I have always stood for the standards on this, encouraging app developers to do so as well. And for app developers, that means listening to the definition in the standard, and then the user, and then doing the non brain damaged thing. cAd! Fuck me, they rarely kern. Sign cutters with drop shadows and contour treatments should be creating their masters in intelligent apps, like Adobe's, and if they have problems they should tell adobe, who should follow their own standards.
And font tool wise, while others prefer to stand around and tell horror stories, a tool that allows contours, overlapping contours, composites, overlapping composites, contours and composites, as well as overlapping composites and contours, to exist in a source glyph during the design and generalization processes of founding, allowing filters to decide between rasterizer intel and file size requirements* e.g., in the productization stage... You got one?
*if you took a hyphen, duplicated it, spun that duplicate 90 degrees and called it a plus, it should work with but 8 points.

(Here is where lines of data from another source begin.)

section \<open>Covariance with a ratio-bounded density and tilted Hoeffding bounds\<close>

lemma (in prob_space) abs_expectation_mult_le_expectation_pos_part:
  fixes g f :: "'a \<Rightarrow> real"
  assumes [measurable]: "f \<in> borel_measurable M"
    and g: "integrable M g" "expectation g = 0"
    and f: "AE x in M. f x \<in> {0..1}"
  shows "\<bar>expectation (\<lambda>x. g x * f x)\<bar> \<le> expectation (\<lambda>x. max (g x) 0)"
proof -
  have [measurable]: "g \<in> borel_measurable M"
    using g(1) by (rule borel_measurable_integrable)
  have int_gf: "integrable M (\<lambda>x. g x * f x)"
    by (rule Bochner_Integration.integrable_bound[OF g(1)])
       (use f in \<open>auto simp: abs_mult intro!: mult_left_le\<close>)
  have int_pos: "integrable M (\<lambda>x. max (g x) 0)"
    using g(1) by auto
  have "expectation (\<lambda>x. g x * f x) \<le> expectation (\<lambda>x. max (g x) 0)"
  proof (intro integral_mono_AE int_gf int_pos)
    show "AE x in M. g x * f x \<le> max (g x) 0"
      using f
    proof eventually_elim
      case (elim x)
      show ?case
        using elim mult_left_le[of "f x" "g x"] mult_nonpos_nonneg[of "g x" "f x"] by (auto simp: max_def)
    qed
  qed
  moreover have "expectation (\<lambda>x. g x - max (g x) 0) \<le> expectation (\<lambda>x. g x * f x)"
  proof (intro integral_mono_AE int_gf)
    show "AE x in M. g x - max (g x) 0 \<le> g x * f x"
      using f
    proof eventually_elim
      case (elim x)
      show ?case
        using elim mult_left_mono_neg[of "f x" 1 "g x"] mult_nonneg_nonneg[of "g x" "f x"] by (auto simp: max_def)
    qed
  qed (use g(1) int_pos in auto)
  moreover have "expectation (\<lambda>x. g x - max (g x) 0) = - expectation (\<lambda>x. max (g x) 0)"
    using g int_pos by simp
  ultimately show ?thesis
    by linarith
qed

context interval_bounded_random_variable
begin

lemma expectation_in_interval: "a \<le> expectation f" "expectation f \<le> b"
  using AE_in_interval by (auto intro!: integral_ge_const integral_le_const elim!: eventually_mono)

lemma expectation_pos_part_deviation_le:
  "(b - a) * expectation (\<lambda>x. max (f x - expectation f) 0)
    \<le> (b - expectation f) * (expectation f - a)"
proof -
  define \<mu> where "\<mu> = expectation f"
  have "a \<le> \<mu>" "\<mu> \<le> b"
    unfolding \<mu>_def by (fact expectation_in_interval)+
  \<comment> \<open>On \<open>[a, b]\<close>, \<open>max (x - \<mu>) 0\<close> lies below the chord through \<open>(a, 0)\<close> and \<open>(b, b - \<mu>)\<close>.\<close>
  have "expectation (\<lambda>x. (b - a) * max (f x - \<mu>) 0) \<le> expectation (\<lambda>x. (b - \<mu>) * (f x - a))"
  proof (intro integral_mono_AE)
    show "AE x in M. (b - a) * max (f x - \<mu>) 0 \<le> (b - \<mu>) * (f x - a)"
      using AE_in_interval
    proof eventually_elim
      case (elim x)
      have "(\<mu> - a) * (f x - b) \<le> 0"
        using elim \<open>a \<le> \<mu>\<close> by (intro mult_nonneg_nonpos) auto
      moreover have "0 \<le> (b - \<mu>) * (f x - a)"
        using elim \<open>\<mu> \<le> b\<close> by simp
      ultimately show ?case
        by (simp add: algebra_simps max_def)
    qed
  qed (use integrable in auto)
  moreover have "expectation (\<lambda>x. f x - a) = \<mu> - a"
    using integrable by (simp add: prob_space \<mu>_def)
  ultimately show ?thesis
    by (simp add: \<mu>_def)
qed

lemma abs_expectation_covariance_le:
  fixes g :: "'a \<Rightarrow> real"
  assumes [measurable]: "g \<in> borel_measurable M" and g: "AE x in M. g x \<in> {0..1}"
  shows "(b - a) * \<bar>expectation (\<lambda>x. f x * (g x - expectation g))\<bar>
    \<le> (b - expectation f) * (expectation f - a)"
proof -
  interpret g: interval_bounded_random_variable M g 0 1
    by unfold_locales (use g in auto)
  define \<mu> where "\<mu> = expectation f"
  have "a \<le> b"
    using expectation_in_interval by linarith
  have "AE x in M. norm (f x * g x) \<le> norm (f x)"
    using g by eventually_elim (auto simp: abs_mult intro!: mult_left_le)
  then have int_fg: "integrable M (\<lambda>x. f x * g x)"
    by (intro Bochner_Integration.integrable_bound[OF integrable]) auto
  have "expectation (\<lambda>x. f x * (g x - expectation g)) = expectation (\<lambda>x. f x * g x) - \<mu> * expectation g"
    using int_fg integrable by (simp add: right_diff_distrib \<mu>_def)
  also have "\<dots> = expectation (\<lambda>x. (f x - \<mu>) * g x)"
    using int_fg g.integrable by (simp add: left_diff_distrib)
  also have "\<bar>\<dots>\<bar> \<le> expectation (\<lambda>x. max (f x - \<mu>) 0)"
    using g by (intro abs_expectation_mult_le_expectation_pos_part) (auto simp: \<mu>_def expectation_shift)
  finally have "(b - a) * \<bar>expectation (\<lambda>x. f x * (g x - expectation g))\<bar>
      \<le> (b - a) * expectation (\<lambda>x. max (f x - \<mu>) 0)"
    using \<open>a \<le> b\<close> by (intro mult_left_mono) auto
  with expectation_pos_part_deviation_le show ?thesis
    unfolding \<mu>_def by linarith
qed

lemma Hoeffdings_lemma_nn_integral_any_sign:
  "(\<integral>\<^sup>+x. ennreal (exp (l * (f x - expectation f))) \<partial>M) \<le> ennreal (exp (l\<^sup>2 * (b - a)\<^sup>2 / 8))"
proof (cases l "0 :: real" rule: linorder_cases)
  case less
  interpret neg: interval_bounded_random_variable M "\<lambda>x. - f x" "- b" "- a"
  proof
    show "AE x in M. - f x \<in> {- b..- a}"
      using AE_in_interval by eventually_elim auto
  qed simp
  show ?thesis
    using neg.Hoeffdings_lemma_nn_integral[of "- l"] less by (simp add: algebra_simps)
next
  case equal
  then show ?thesis
    by (simp add: emeasure_space_1)
next
  case greater
  then show ?thesis
    by (rule Hoeffdings_lemma_nn_integral)
qed

lemma Hoeffdings_lemma_nn_integral_exp_le:
  "(\<integral>\<^sup>+x. ennreal (exp (l * f x)) \<partial>M) \<le> ennreal (exp (l * expectation f + l\<^sup>2 * (b - a)\<^sup>2 / 8))"
proof -
  have "(\<integral>\<^sup>+x. ennreal (exp (l * f x)) \<partial>M)
      = (\<integral>\<^sup>+x. ennreal (exp (l * expectation f)) * ennreal (exp (l * (f x - expectation f))) \<partial>M)"
    by (intro nn_integral_cong) (simp add: ennreal_mult[symmetric] exp_add[symmetric] algebra_simps)
  also have "\<dots> = ennreal (exp (l * expectation f)) * (\<integral>\<^sup>+x. ennreal (exp (l * (f x - expectation f))) \<partial>M)"
    by (rule nn_integral_cmult) simp
  also have "\<dots> \<le> ennreal (exp (l * expectation f)) * ennreal (exp (l\<^sup>2 * (b - a)\<^sup>2 / 8))"
    by (rule mult_left_mono[OF Hoeffdings_lemma_nn_integral_any_sign]) simp
  finally show ?thesis
    by (simp add: ennreal_mult[symmetric] exp_add)
qed

end

lemma measure_pmf_covariance_le_of_ratio_bounded:
  fixes P :: "'a pmf" and \<rho> f :: "'a \<Rightarrow> real"
  assumes \<rho>: "\<And>y. 0 \<le> \<rho> y" "\<And>y y'. \<rho> y \<le> exp e * \<rho> y'" and "0 \<le> e"
    and f: "\<And>y. f y \<in> {0..1}"
  shows "\<bar>measure_pmf.expectation P (\<lambda>y. \<rho> y * (f y - measure_pmf.expectation P f))\<bar>
    \<le> e / 4 * measure_pmf.expectation P \<rho>"
proof -
  define a where "a = (INF y. \<rho> y)"
  define b where "b = (SUP y. \<rho> y)"
  have bdd: "bdd_below (range \<rho>)" "bdd_above (range \<rho>)"
    using \<rho> by (auto intro!: bdd_belowI[of _ 0] bdd_aboveI[of _ "exp e * \<rho> undefined"])
  have ab: "a \<le> \<rho> y" "\<rho> y \<le> b" for y
    unfolding a_def b_def using bdd by (auto intro: cINF_lower cSUP_upper)
  have "0 \<le> a"
    unfolding a_def using \<rho>(1) by (auto intro: cINF_greatest)
  have "b \<le> exp e * \<rho> y" for y
    unfolding b_def using \<rho>(2) by (auto intro: cSUP_least)
  then have "b / exp e \<le> \<rho> y" for y
    by (simp add: divide_simps mult.commute)
  then have "b / exp e \<le> a"
    unfolding a_def by (auto intro: cINF_greatest)
  then have "b \<le> exp e * a"
    by (simp add: divide_simps mult.commute)
  interpret interval_bounded_random_variable "measure_pmf P" \<rho> a b
    by unfold_locales (use ab in auto)
  let ?X = "measure_pmf.expectation P (\<lambda>y. \<rho> y * (f y - measure_pmf.expectation P f))"
  let ?\<mu> = "measure_pmf.expectation P \<rho>"
  show ?thesis
  proof (cases "a < b")
    case True
    with \<open>b \<le> exp e * a\<close> \<open>0 \<le> a\<close> have "0 < a"
      by (metis less_eq_real_def mult_zero_right not_le)
    have "(b - a) * \<bar>?X\<bar> \<le> (b - ?\<mu>) * (?\<mu> - a)"
      using f by (intro abs_expectation_covariance_le) auto
    also have "\<dots> \<le> e / 4 * ?\<mu> * (b - a)"
      using \<open>0 < a\<close> expectation_in_interval \<open>b \<le> exp e * a\<close> by (intro mult_gaps_le_of_ratio_bounded)
    finally show ?thesis
      using True by (simp add: mult.commute)
  next
    case False
    then have "\<rho> y = a" for y
      using ab[of y] by linarith
    then have "\<rho> = (\<lambda>_. a)"
      by auto
    interpret f: interval_bounded_random_variable "measure_pmf P" f 0 1
      by unfold_locales (use f in auto)
    show ?thesis
      using \<open>\<rho> = (\<lambda>_. a)\<close> \<open>0 \<le> a\<close> \<open>0 \<le> e\<close> f.expectation_shift by simp
  qed
qed

lemma measure_pmf_tilted_mgf_le_of_density:
  fixes P :: "'a pmf" and \<rho> f :: "'a \<Rightarrow> real"
  assumes \<rho>: "\<And>y. 0 \<le> \<rho> y" "\<And>y y'. \<rho> y \<le> exp e * \<rho> y'" "measure_pmf.expectation P \<rho> = 1"
    and "0 \<le> e" and f: "\<And>y. f y \<in> {0..1}"
  shows "(\<integral>\<^sup>+y. ennreal (\<rho> y) * ennreal (exp (l * (f y - measure_pmf.expectation P f))) \<partial>P)
    \<le> ennreal (exp (l\<^sup>2 / 8 + \<bar>l\<bar> * e / 4))"
proof -
  define g where "g y = f y - measure_pmf.expectation P f" for y
  define Q where "Q = density (measure_pmf P) (\<lambda>y. ennreal (\<rho> y))"
  interpret \<rho>: interval_bounded_random_variable "measure_pmf P" \<rho> 0 "exp e * \<rho> undefined"
    by unfold_locales (use \<rho> in auto)
  have "(\<integral>\<^sup>+y. ennreal (\<rho> y) \<partial>P) = 1"
    using \<rho> by (subst nn_integral_eq_integral) auto
  then interpret Q: prob_space Q
    by (intro prob_spaceI) (simp add: Q_def emeasure_density)
  interpret g: interval_bounded_random_variable Q g
      "- measure_pmf.expectation P f" "1 - measure_pmf.expectation P f"
    by unfold_locales (use f in \<open>auto simp: Q_def g_def\<close>)
  \<comment> \<open>Under the tilted law \<open>Q\<close> the mean of \<open>g\<close> is a covariance under \<open>P\<close>, hence small.\<close>
  have "Q.expectation g = measure_pmf.expectation P (\<lambda>y. \<rho> y * g y)"
    unfolding Q_def using \<rho>(1) by (subst integral_density) auto
  also have "\<bar>\<dots>\<bar> \<le> e / 4"
    using measure_pmf_covariance_le_of_ratio_bounded[where P = P and \<rho> = \<rho> and f = f, OF \<rho>(1,2) \<open>0 \<le> e\<close> f] \<rho>(3)
    unfolding g_def by simp
  finally have "l * Q.expectation g \<le> \<bar>l\<bar> * (e / 4)"
    using abs_ge_self[of "l * Q.expectation g"] mult_left_mono[of _ _ "\<bar>l\<bar>"]
    by (fastforce simp: abs_mult)
  then have "(\<integral>\<^sup>+y. ennreal (exp (l * g y)) \<partial>Q) \<le> ennreal (exp (l\<^sup>2 / 8 + \<bar>l\<bar> * e / 4))"
    by (intro order.trans[OF g.Hoeffdings_lemma_nn_integral_exp_le] ennreal_leI) simp
  then show ?thesis
    unfolding Q_def g_def by (simp add: nn_integral_density)
qed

Removing overlap, makes 12 points. Doing the same to breve, doubles the size when overlap is removed for the off curve points. Glyphs with multiple curving overlaps drive up the point count dramatically. Scripts with glyphs with lots of these overlaps, triple, or worse, the file sizes of fonts carrying those scripts, perhaps to phones, where sign cutting is rare, so far.
So what do with products, is do everything. What to do about sources, depends, on how good you want to be to yourself and all of your clients, even the ones you don't have yet, IMHO. I.E., manners have nothing to do with it;)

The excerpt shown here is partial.